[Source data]
►

(* Let $n=2\ell$ where $\ell\ge3$ is odd. For $0\le k\le n-1$ let $p_k:=\left(1,\cos\frac{2\pi k}{n},\sin\frac{2\pi k}{n}\right)\in\mathbb{R}^3$, and let $X:=(\langle p_k,p_{k'}\rangle)_{0\le k,k'\le n-1}$. Then $X$ is a Gram-Lorentz matrix that is not completely positive; in particular $X$ is completely positive semidefinite but not completely positive.
   Context: The Lorentz cone is $\mathcal{L}_m:=\{(c,x)\in\mathbb{R}\times\mathbb{R}^{m-1}: c\ge\|x\|\}$. A real symmetric $n\times n$ matrix is Gram-Lorentz if it is the Gram matrix of vectors lying in some $\mathcal{L}_m$. An $n\times n$ matrix $X$ is completely positive if $X_{ij}=\langle a_i,a_j\rangle$ for some entrywise nonnegative vectors $a_1,\dots,a_n\in\mathbb{R}^k_+$, and completely positive semidefinite if $X_{ij}=\mathrm{Tr}(P_iP_j)$ for some Hermitian positive semidefinite $d\times d$ matrices $P_1,\dots,P_n$ (some $d\ge1$). *)

theory Defs
  imports Complex_Main
begin

text \<open>Vectors in R^m are represented as functions nat => real, with only the
indices 0..m-1 relevant; a family of n vectors/matrices is indexed by i < n.
Index 0 is the "c" coordinate of the Lorentz cone.\<close>

definition lorentz_cone :: "nat \<Rightarrow> (nat \<Rightarrow> real) set" where
  "lorentz_cone m = {v. v 0 \<ge> sqrt (\<Sum>t\<in>{1..<m}. (v t)\<^sup>2)}"

definition gram_lorentz :: "nat \<Rightarrow> (nat \<Rightarrow> nat \<Rightarrow> real) \<Rightarrow> bool" where
  "gram_lorentz n X \<longleftrightarrow>
     (\<exists>m\<ge>1. \<exists>v :: nat \<Rightarrow> nat \<Rightarrow> real.
        (\<forall>i<n. v i \<in> lorentz_cone m) \<and>
        (\<forall>i<n. \<forall>j<n. X i j = (\<Sum>t<m. v i t * v j t)))"

definition completely_positive :: "nat \<Rightarrow> (nat \<Rightarrow> nat \<Rightarrow> real) \<Rightarrow> bool" where
  "completely_positive n X \<longleftrightarrow>
     (\<exists>k. \<exists>a :: nat \<Rightarrow> nat \<Rightarrow> real.
        (\<forall>i<n. \<forall>t<k. a i t \<ge> 0) \<and>
        (\<forall>i<n. \<forall>j<n. X i j = (\<Sum>t<k. a i t * a j t)))"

◄

▶ _What you need to do_
Using the data above, reproduce exactly the lines between those holding "theory Defs" and "0 \<ge> sqrt", inclusive, and no others.

▶ _Reply_
theory Defs
  imports Complex_Main
begin

text \<open>Vectors in R^m are represented as functions nat => real, with only the
indices 0..m-1 relevant; a family of n vectors/matrices is indexed by i < n.
Index 0 is the "c" coordinate of the Lorentz cone.\<close>

definition lorentz_cone :: "nat \<Rightarrow> (nat \<Rightarrow> real) set" where
  "lorentz_cone m = {v. v 0 \<ge> sqrt (\<Sum>t\<in>{1..<m}. (v t)\<^sup>2)}"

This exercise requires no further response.